The Dolly Varden Hotel in Downtown Long Beach is headed for another vote on whether to demolish the building to make way for a new housing development after the Cultural Heritage Commission was told Tuesday night that the building was not eligible for historic designation—although its sign is.

Planning Commissioners put off a vote in May to allow a developer to remove the historic sign and put it into storage while a new 141-unit housing project was built in favor of reassessing the historic nature of the 93-year-old building itself, something that had been done in the past with the conclusion that it was not historic.

A new analysis performed by a city consultant found the same. While the hotel is built in an Art Deco style, survived the 1933 Long Beach earthquake and offered baths in every room, something uncommon at the time, it is not eligible for historic status, the report said.

“The hotel itself is not known to have made a significant contribution to other broad patterns of local, regional, state, or national culture and history at the time of its original construction, or during the ownership of Leland F. Dolley through his death in 1935,” Susan Wood, a senior architectural historian the city hired as a consultant, concluded in her report.

Wood said she looked at historic maps, building records, ancestral records of Dolley, business records of the builders and other documents to gauge the historic nature of the building.

Wood’s report concluded that Dolley, a small business owner who died in 1935, was “significant adjacent” and not a big contributor to the city’s history.
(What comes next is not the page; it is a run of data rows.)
lemma arz_1wave_grid:
  assumes S: "standing P" and a: "grid_c_state P n a" and v: "on_v_grid P n v"
  shows "state_path (grid_c_state P n) a (arz_1wave P n a (c_state P (w2 P a) v)) (c_state P (w2 P a) v)"
proof -
  let ?c = "\<lambda>v. c_state P (w2 P a) v"
  have ac: "a \<in> Omega_c P" and ga: "on_v_grid P n (snd a)" using a unfolding grid_c_state_def by auto
  have w: "Wc P \<le> w2 P a" "w2 P a \<le> Wmax P" using w2_Omega_c[OF S ac] by auto
  have snd_c: "snd (?c v) = v" unfolding c_state_def by simp
  have gc: "grid_c_state P n (?c v)" using grid_c_state_c_state[OF S w v] .
  have ca: "?c (snd a) = a" by (rule c_state_w2_snd[OF S ac])
  consider "v < snd a" | "v = snd a" | "snd a < v" by linarith
  then show ?thesis
  proof cases
    case 1 then show ?thesis using a gc unfolding arz_1wave_def snd_c state_path_def by auto
  next
    case 2 then show ?thesis using a ca unfolding arz_1wave_def snd_c state_path_def by auto
  next
    case 3
    obtain ia where ia: "ia \<le> 2 ^ n" "snd a = real ia * eps_v P n" using ga unfolding on_v_grid_def by auto
    obtain ib where ib: "ib \<le> 2 ^ n" "v = real ib * eps_v P n" using v unfolding on_v_grid_def by auto
    have ep: "eps_v P n > 0" by (rule eps_v_pos[OF S])
    have iab: "ia < ib" using 3 ia ib ep by (simp add: mult_less_cancel_right)
    define m where "m = ib - ia"
    have m: "(v - snd a) / eps_v P n = real m"
      using ia ib ep iab unfolding m_def by (simp add: of_nat_diff field_simps)
    have steps: "snd a + real i * eps_v P n = real (ia + i) * eps_v P n" for i
      using ia by (simp add: algebra_simps)
    have L: "arz_1wave P n a (?c v) = map (\<lambda>i. ?c (snd a + real i * eps_v P n)) [0..<Suc m]"
      using 3 unfolding arz_1wave_def snd_c m by (simp add: c_state_def)
    have "grid_c_state P n (?c (snd a + real i * eps_v P n))" if "i \<le> m" for i
      by (rule grid_c_state_c_state[OF S w])
        (use that ib iab in \<open>auto simp: on_v_grid_def m_def steps intro!: exI[of _ "ia + i"]\<close>)
    moreover have "snd a + real m * eps_v P n = v"
      using ia ib iab unfolding m_def by (simp add: of_nat_diff algebra_simps)
    ultimately show ?thesis
      unfolding L state_path_def using ca by (auto simp: hd_map last_map simp del: upt_Suc)
  qed
qed

lemma arz_fan_grid:
  assumes S: "standing P" and a: "grid_c_state P n a" and b: "grid_c_state P n b"
  shows "state_path (grid_c_state P n) a (arz_fan P n a b) b"
proof -
  have "arz_mid P a b = c_state P (w2 P a) (snd b)" unfolding arz_mid_def c_state_def by simp
  then show ?thesis
    using arz_1wave_grid[OF S a, of "snd b"] b unfolding arz_fan_def Let_def state_path_def grid_c_state_def
    by auto
qed

lemma lwr_fan_Omega_f:
  assumes a: "a \<in> Omega_f P" and b: "b \<in> Omega_f P" and L: "lwr_fan P n a b L"
  shows "state_path (\<lambda>u. u \<in> Omega_f P) a L b"
proof -
  have eq: "fst a = fst b \<Longrightarrow> a = b" using a b unfolding Omega_f_def by (cases a, cases b) auto
  from L consider "fst a = fst b \<and> L = [a]" | "L = [a, b]"
    | j where "0 < j" "length L = Suc j" "L ! 0 = a" "L ! j = b"
       "\<forall>i. 0 < i \<and> i < j \<longrightarrow> L ! i \<in> Omega_f P \<inter> Omega_n P n"
    unfolding lwr_fan_def Let_def by metis
  then show ?thesis
  proof cases
    case 1 then show ?thesis using eq a unfolding state_path_def by auto
  next
    case 2 then show ?thesis using a b unfolding state_path_def by auto
  next
    case 3
    have ne: "L \<noteq> []" using 3 by auto
    have "L ! i \<in> Omega_f P" if "i < Suc j" for i
      using 3 a b that by (cases "i = 0 \<or> i = j") auto
    then have "\<forall>u\<in>set L. u \<in> Omega_f P" using 3 by (metis in_set_conv_nth)
    then show ?thesis
      using 3 ne unfolding state_path_def by (auto simp: hd_conv_nth last_conv_nth)
  qed
qed

section \<open>Chains of fronts and phase transitions\<close>

fun front_chain :: "state \<Rightarrow> front list \<Rightarrow> state \<Rightarrow> bool" where
  "front_chain a [] b \<longleftrightarrow> a = b"
| "front_chain a (f # fs) b \<longleftrightarrow> fst (snd f) = a \<and> front_chain (snd (snd f)) fs b"

lemma front_chain_append:
  "front_chain a (xs @ ys) b \<longleftrightarrow> (\<exists>c. front_chain a xs c \<and> front_chain c ys b)"
  by (induction xs arbitrary: a) auto

lemma front_chain_ends:
  "front_chain a fs b \<Longrightarrow> fs \<noteq> [] \<Longrightarrow> a = fst (snd (hd fs)) \<and> b = snd (snd (last fs))"
proof (induction fs arbitrary: a)
  case (Cons f fs) then show ?case by (cases fs) auto
qed simp

lemma front_chain_move:
  "front_chain a (map (\<lambda>f. (X f, snd f)) fs) b \<longleftrightarrow> front_chain a fs b"
  by (induction fs arbitrary: a) auto

lemma fan_fronts_Nil [simp]: "fan_fronts x [] = []"
  and fan_fronts_singleton [simp]: "fan_fronts x [a] = []"
  unfolding fan_fronts_def by auto

lemma fan_fronts_Cons_Cons [simp]:
  "fan_fronts x (a # b # L) = (x, a, b) # fan_fronts x (b # L)"
proof -
  have "[0..<length (a # b # L) - 1] = 0 # map Suc [0..<length (b # L) - 1]"
    by (simp add: upt_conv_Cons map_Suc_upt del: upt_Suc)
  then show ?thesis unfolding fan_fronts_def by simp
qed

lemma front_chain_fan_fronts: "L \<noteq> [] \<Longrightarrow> front_chain (hd L) (fan_fronts x L) (last L)"
proof (induction L)
  case (Cons a L) then show ?case by (cases L) auto
qed simp

lemma fan_fronts_states:
  "f \<in> set (fan_fronts x L) \<Longrightarrow> fst (snd f) \<in> set L \<and> snd (snd f) \<in> set L"
  by (induction L rule: induct_list012) auto

lemma fan_fronts_append:
  "L1 \<noteq> [] \<Longrightarrow> L2 \<noteq> [] \<Longrightarrow>
   fan_fronts x (L1 @ L2) = fan_fronts x L1 @ (x, last L1, hd L2) # fan_fronts x L2"
proof (induction L1 rule: induct_list012)
  case (2 a) then show ?case by (cases L2) auto
qed auto

definition pt_count :: "prm \<Rightarrow> front list \<Rightarrow> nat" where
  "pt_count P fs = length (filter (isPT P) fs)"

lemma pt_count_append [simp]: "pt_count P (xs @ ys) = pt_count P xs + pt_count P ys"
  by (simp add: pt_count_def)

lemma cross_iff_phases_differ:
  "standing P \<Longrightarrow> grid_state P n a \<Longrightarrow> grid_state P n b \<Longrightarrow>
   cross P a b \<longleftrightarrow> (a \<in> Omega_c P) \<noteq> (b \<in> Omega_c P)"
  unfolding cross_def grid_state_def grid_c_state_def using Omega_f_not_Omega_c by blast

lemma odd_pt_count_iff_cross:
  assumes S: "standing P"
  shows "front_chain a fs b \<Longrightarrow> \<forall>f\<in>set fs. grid_state P n (snd (snd f)) \<Longrightarrow>
    grid_state P n a \<Longrightarrow> grid_state P n b \<Longrightarrow> odd (pt_count P fs) \<longleftrightarrow> cross P a b"
proof (induction fs arbitrary: a)
  case Nil then show ?case using cross_iff_phases_differ[OF S] by (simp add: pt_count_def)
next
  case (Cons f fs)
  let ?c = "snd (snd f)"
  have c: "grid_state P n ?c" using Cons.prems by auto
  have "odd (pt_count P fs) \<longleftrightarrow> cross P ?c b" using Cons c by auto
  moreover have "isPT P f \<longleftrightarrow> cross P a ?c" using Cons.prems unfolding isPT_def by auto
  ultimately show ?case
    using cross_iff_phases_differ[OF S] Cons.prems(3,4) c by (auto simp: pt_count_def)
qed

definition admissible_chain :: "prm \<Rightarrow> nat \<Rightarrow> state \<Rightarrow> front list \<Rightarrow> state \<Rightarrow> bool" where
  "admissible_chain P n a fs b \<longleftrightarrow> front_chain a fs b
     \<and> (\<forall>f\<in>set fs. grid_state P n (fst (snd f)) \<and> grid_state P n (snd (snd f)))
     \<and> (\<forall>f\<in>set fs. isPT P f \<longrightarrow> (fst (snd f), snd (snd f)) \<in> Ge P)"

lemma admissible_chain_append:
  "admissible_chain P n a (xs @ ys) b \<longleftrightarrow>
   (\<exists>c. admissible_chain P n a xs c \<and> admissible_chain P n c ys b)"
  unfolding admissible_chain_def front_chain_append by auto

lemma odd_pt_count_admissible_chain:
  "standing P \<Longrightarrow> admissible_chain P n a fs b \<Longrightarrow> grid_state P n a \<Longrightarrow> grid_state P n b \<Longrightarrow>
   odd (pt_count P fs) \<longleftrightarrow> cross P a b"
  using odd_pt_count_iff_cross unfolding admissible_chain_def by blast

section \<open>Fronts created by the approximate Riemann solver\<close>

definition single_phase_path :: "prm \<Rightarrow> nat \<Rightarrow> state \<Rightarrow> state list \<Rightarrow> state \<Rightarrow> bool" where
  "single_phase_path P n a L b \<longleftrightarrow> state_path (grid_state P n) a L b
     \<and> ((\<forall>u\<in>set L. u \<in> Omega_f P) \<or> (\<forall>u\<in>set L. u \<in> Omega_c P))"

lemma single_phase_path_lwr_fan:
  "a \<in> Omega_f P \<Longrightarrow> b \<in> Omega_f P \<Longrightarrow> lwr_fan P n a b L \<Longrightarrow> single_phase_path P n a L b"
  using lwr_fan_Omega_f unfolding single_phase_path_def state_path_def grid_state_def by blast

lemma single_phase_path_arz_fan:
  "standing P \<Longrightarrow> grid_c_state P n a \<Longrightarrow> grid_c_state P n b \<Longrightarrow>
   single_phase_path P n a (arz_fan P n a b) b"
  using arz_fan_grid unfolding single_phase_path_def state_path_def grid_state_def grid_c_state_def
  by blast

lemma not_isPT_single_phase:
  "standing P \<Longrightarrow> single_phase_path P n a L b \<Longrightarrow> f \<in> set (fan_fronts x L) \<Longrightarrow> \<not> isPT P f"
  unfolding single_phase_path_def isPT_def cross_def
  using fan_fronts_states[of f x L] Omega_f_not_Omega_c by metis

lemma admissible_fan_single_phase:
  assumes S: "standing P" and L: "single_phase_path P n a L b"
  shows "admissible_chain P n a (fan_fronts x L) b" "pt_count P (fan_fronts x L) = 0"
  using L front_chain_fan_fronts[of L x] fan_fronts_states[of _ x L] not_isPT_single_phase[OF S L]
  unfolding admissible_chain_def single_phase_path_def state_path_def pt_count_def
  by (auto simp: filter_empty_conv)

lemma admissible_fan_two_phases:
  assumes S: "standing P"
    and L1: "single_phase_path P n a L1 c" and L2: "single_phase_path P n d L2 b"
    and cd: "(c, d) \<in> Ge P"
  shows "admissible_chain P n a (fan_fronts x (L1 @ L2)) b" "pt_count P (fan_fronts x (L1 @ L2)) \<le> 1"
proof -
  have ne: "L1 \<noteq> []" "L2 \<noteq> []" and ends: "last L1 = c" "hd L2 = d"
    using L1 L2 unfolding single_phase_path_def state_path_def by auto
  then have e: "fan_fronts x (L1 @ L2) = fan_fronts x L1 @ (x, c, d) # fan_fronts x L2"
    using fan_fronts_append by metis
  have "grid_state P n c" "grid_state P n d"
    using L1 L2 ne ends unfolding single_phase_path_def state_path_def by auto
  then have "admissible_chain P n c [(x, c, d)] d"
    using cd unfolding admissible_chain_def by simp
  then have "admissible_chain P n c ((x, c, d) # fan_fronts x L2) b"
    using admissible_fan_single_phase(1)[OF S L2]
      admissible_chain_append[of P n c "[(x, c, d)]" "fan_fronts x L2" b]
    by (metis append_Cons append_Nil)
  then show "admissible_chain P n a (fan_fronts x (L1 @ L2)) b"
    unfolding e using admissible_fan_single_phase(1)[OF S L1] admissible_chain_append by blast
  show "pt_count P (fan_fronts x (L1 @ L2)) \<le> 1"
    unfolding e using admissible_fan_single_phase(2)[OF S L1] admissible_fan_single_phase(2)[OF S L2]
    by (simp add: pt_count_def)
qed

lemma max_Wc_w2_le_Wmax: "standing P \<Longrightarrow> a \<in> Omega_f P \<Longrightarrow> max (Wc P) (w2 P a) \<le> Wmax P"
  using Omega_f_cases[of a P] w2_Omega_f1[of P a] w2_Omega_f2(3)[of P a] Wc_less_Wmax[of P]
  by (auto simp: max_def)

lemma free_to_congested_Ge:
  assumes S: "standing P" and a: "a \<in> Omega_f P" and v: "0 \<le> v" "v \<le> Vc P"
  shows "(a, c_state P (max (Wc P) (w2 P a)) v) \<in> Ge P"
proof -
  let ?c = "c_state P (max (Wc P) (w2 P a)) v"
  have c: "?c \<in> Omega_c P" "w2 P ?c = max (Wc P) (w2 P a)"
    using c_state[OF S _ max_Wc_w2_le_Wmax[OF S a] v] by auto
  from Omega_f_cases[OF a] show ?thesis
  proof
    assume "a \<in> Omega_f1 P"
    then show ?thesis using c w2_Omega_f1[OF S] unfolding Ge_def G1_def by auto
  next
    assume "a \<in> Omega_f2 P"
    then show ?thesis using c w2_Omega_f2(2)[OF S] unfolding Ge_def G2_def by auto
  qed
qed

lemma congested_to_free_Ge:
  assumes S: "standing P" and a: "a \<in> Omega_c P"
  defines "m \<equiv> (rho_f P (w2 P a), vf P (rho_f P (w2 P a)))"
  shows "m \<in> Omega_f2 P" "(c_state P (w2 P a) (Vc P), m) \<in> Ge P"
proof -
  have w: "Wc P \<le> w2 P a" "w2 P a \<le> Wmax P" using w2_Omega_c[OF S a] by auto
  have r: "Rf1 P \<le> fst m" "fst m \<le> Rf2 P" "snd m = vf P (fst m)" "snd m + pr P (fst m) = w2 P a"
    using rho_f[OF S w] unfolding m_def by auto
  then show m: "m \<in> Omega_f2 P"
    using vf_continuous_antimono(2)[OF S, of 0 "fst m"] vf_continuous_antimono(2)[OF S, of "fst m" "Rf2 P"]
      standingD(1)[OF S]
    unfolding Omega_f2_def Omega_f_def Vmax_def VF_def by (cases m) auto
  show "(c_state P (w2 P a) (Vc P), m) \<in> Ge P"
    using c_state[OF S w _ order.refl] standingD(3)[OF S] w2_Omega_f2(1)[OF S m] r m
    unfolding Ge_def G3_def c_state_def by auto
qed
The architect of the hotel is unknown and its connection to Art Deco design was called “very modest” and “almost undiscernible” in the report.

Rumors that the Bixby family or Dolly Varden the performer were somehow tied to the building’s history were not substantiated, Wood said Tuesday.

Commissioners said Tuesday that they appreciated the update but questioned if the sign would lose its historic value if it was to be placed atop a new building, with a different purpose: long-term housing.

The Dolly Varden Hotel.
The Dolly Varden Hotel in Long Beach, Friday, May 26, 2023. The building is scheduled for demolition to make room for a new multi-story building. Photo by Thomas R. Cordova.

They also spent considerable time discussing the two murals on the north-facing wall of the hotel that were installed in 2015, the inaugural year of POW! WOW! Long Beach, which has recently rebranded to “Long Beach Walls.”

“I have serious heartburn of any action that we could take that would destroy an artists’ work without their permission,” said Commissioner Amy Bodek, who requested the additional analysis of the building in May.

The commission is now expected to hold a vote on the sign’s removal, which could allow the construction project to move forward, in late July. But questions over if there is any contract stipulating how long those murals were supposed to remain in place and if the developer will have those artists reinstall the same or similar murals remain unanswered.

The murals are not historic, and it’s unclear if the commission could require the developer to include artwork from specific muralists for the project to move forward. Other POW! WOW! murals have been painted over in the past.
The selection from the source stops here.